6/17/2005:
Doctor Webster Merrifield became UND’s third president on this date in 1891. He refused for a number of years before finally accepting the position.
Merrifield grew up in Vermont and graduated from Yale in 1877. For the next two years, he taught in a private school at Newburg, NY, and then spent the next four as a Greek and Latin tutor at Yale. He moved to Dakota Territory in 1883 to fill the chair of Latin and Greek at the newly established University of North Dakota, where he also taught Literature and Political Science. He was Secretary of the Faculty, the University’s first Librarian, and a driving force behind adopting a liberal arts curriculum rather than offering a more practical education.
UND’s early years were particularly difficult, as they were for all the state’s schools. The state had taken on too many costly institutions without enough people to support the tax base needed to fund them. In 1885, President Blackburn was dismissed, and Merrifield was asked to take over. Instead, Merrifield found UND’s second president, Homer Sprague, to take over. By 1891, Merrifield couldn’t hold off the offer any longer and took over the position of president, which he held for the next 15 years.
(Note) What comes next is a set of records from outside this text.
(* Let $R$ be a ring with unity and involution $*$, let $a,b,c,d\in R$ with $a$ and $d$ both left dual $(b,c)$-core invertible. Then (1) for any left dual $(b,c)$-core inverse $y$ of $d$ and any left $(b,c)$-inverse $x$ of $a$, the element $ydx$ is a left dual $(b,c)$-core inverse of $a$; (2) for any left dual $(b,c)$-core inverse $z$ of $a$ and any left $(b,c)$-inverse $w$ of $d$, the element $zaw$ is a left dual $(b,c)$-core inverse of $d$.
   Context: For $u,b,c\in R$, $u$ is left dual $(b,c)$-core invertible if there exists $x\in Rc$ with $bxub=b$ and $(xub)^*=xub$; such $x$ is a left dual $(b,c)$-core inverse of $u$. $u$ is left $(b,c)$-invertible if there exists $x\in Rc$ with $xub=b$; such $x$ is a left $(b,c)$-inverse of $u$ (left dual $(b,c)$-core invertible elements are in particular left $(b,c)$-invertible). *)

theory Defs
  imports Main
begin

class ring_involution = ring_1 +
  fixes invol :: "'a \<Rightarrow> 'a"
  assumes invol_add: "invol (x + y) = invol x + invol y"
    and invol_mult: "invol (x * y) = invol y * invol x"
    and invol_invol: "invol (invol x) = x"

definition in_left_ideal :: "'a::ring_1 \<Rightarrow> 'a \<Rightarrow> bool" where
  "in_left_ideal x c \<longleftrightarrow> (\<exists>r. x = r * c)"

definition is_left_dual_bc_core_inverse ::
  "'a::ring_involution \<Rightarrow> 'a \<Rightarrow> 'a \<Rightarrow> 'a \<Rightarrow> bool" where
  "is_left_dual_bc_core_inverse x u b c \<longleftrightarrow>
     in_left_ideal x c \<and> b * x * u * b = b \<and> invol (x * u * b) = x * u * b"

definition left_dual_bc_core_invertible ::
  "'a::ring_involution \<Rightarrow> 'a \<Rightarrow> 'a \<Rightarrow> bool" where
  "left_dual_bc_core_invertible u b c \<longleftrightarrow> (\<exists>x. is_left_dual_bc_core_inverse x u b c)"

definition is_left_bc_inverse :: "'a::ring_1 \<Rightarrow> 'a \<Rightarrow> 'a \<Rightarrow> 'a \<Rightarrow> bool" where
  "is_left_bc_inverse x u b c \<longleftrightarrow> in_left_ideal x c \<and> x * u * b = b"

end

theory Submission
  imports Defs
begin

text \<open>If \<open>x\<close> is a left \<open>(b,c)\<close>-inverse of \<open>a\<close>, then \<open>(y d x) a b = y d b\<close>, so \<open>y d x\<close> satisfies
  with respect to \<open>a\<close> exactly the identities that \<open>y\<close> satisfies with respect to \<open>d\<close>; and
  \<open>y d x\<close> lies in \<open>R c\<close> because \<open>x\<close> does.\<close>

lemma in_left_ideal_mult_left:
  fixes x c r :: "'a::ring_1"
  assumes "in_left_ideal x c"
  shows "in_left_ideal (r * x) c"
  using assms unfolding in_left_ideal_def by (metis mult.assoc)

lemma is_left_dual_bc_core_inverse_transfer:
  fixes a b c d x y :: "'a::ring_involution"
  assumes core: "is_left_dual_bc_core_inverse y d b c"
    and left_inv: "is_left_bc_inverse x a b c"
  shows "is_left_dual_bc_core_inverse (y * d * x) a b c"
proof -
  have x_ideal: "in_left_ideal x c" and xab: "x * a * b = b"
    using left_inv unfolding is_left_bc_inverse_def by auto
  have bydb: "b * y * d * b = b" and sym: "invol (y * d * b) = y * d * b"
    using core unfolding is_left_dual_bc_core_inverse_def by auto
  have reduce: "y * d * x * a * b = y * d * b"
    using xab by (metis mult.assoc)
  have "in_left_ideal (y * d * x) c"
    using in_left_ideal_mult_left[OF x_ideal] .
  moreover have "b * (y * d * x) * a * b = b"
    using reduce bydb by (metis mult.assoc)
  ultimately show ?thesis
    unfolding is_left_dual_bc_core_inverse_def using reduce sym by simp
qed

theorem theorem3p18:
  fixes a b c d :: "'a::ring_involution"
  assumes "left_dual_bc_core_invertible a b c"
    and "left_dual_bc_core_invertible d b c"
  shows "(\<forall>y x. is_left_dual_bc_core_inverse y d b c \<longrightarrow> is_left_bc_inverse x a b c
            \<longrightarrow> is_left_dual_bc_core_inverse (y * d * x) a b c)
       \<and> (\<forall>z w. is_left_dual_bc_core_inverse z a b c \<longrightarrow> is_left_bc_inverse w d b c
            \<longrightarrow> is_left_dual_bc_core_inverse (z * a * w) d b c)"
  using is_left_dual_bc_core_inverse_transfer by blast

end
Merrifield faced the same challenges as his peers and predecessors – lack of money and resources. The territory was struggling toward statehood, there were political problems, and the economy was on the downturn. In 1894, an outbreak of typhoid fever paralyzed both the university and the city of Grand Forks. The following year, the governor refused to appropriate any money for UND, and it looked like it would have to close its doors.
The University of Montana saw an opportunity and tempted Merrifield to become its president and to bring his entire faculty along with him. The city of Grand Forks rallied, however, raising $26,000, and the teaching staff voted to accept a 25% pay cut.
During Merrifield’s presidency, UND’s system was reorganized and actually expanded. The School of Mines opened in 1897, and two years later the Law School opened. 1901 saw the creation of the College of Mining Engineering, and of Mechanical and Electrical Engineering, and also the College of Liberal Arts and the Normal College took shape. In 1905, a two-year School of Medicine was established, and in 1906, Merrifield and the president of Wesley College agreed to essentially share their resources with each other.
Freshmen dubbed the first campus telephone the “class tree” and “got back and forth to Grand Forks on daily afternoon trains or a horse and carriage bus called the “Black Maria.” The few students who lived on campus during those earliest years occupied two large barracks called the Bull Pen and the Ram Pasture. One story tells of a pious classman who loudly delivered bedtime prayers that included the names and misdeeds of everyone in the whole Bull Pen – loudly enough for professors to hear. It was reported that students “took matters into their own hands with a forced dip in a cold bathtub, which soon solved the problem.”
Merrifield also worked to develop and greatly improve curricular standards and graduation requirements for the state’s many fledgling high schools. In fact, at his retirement in 1912, he was honored as the “father of secondary schools” in North Dakota.
Doctor Webster Merrifield died in his Pasadena home in January 1916.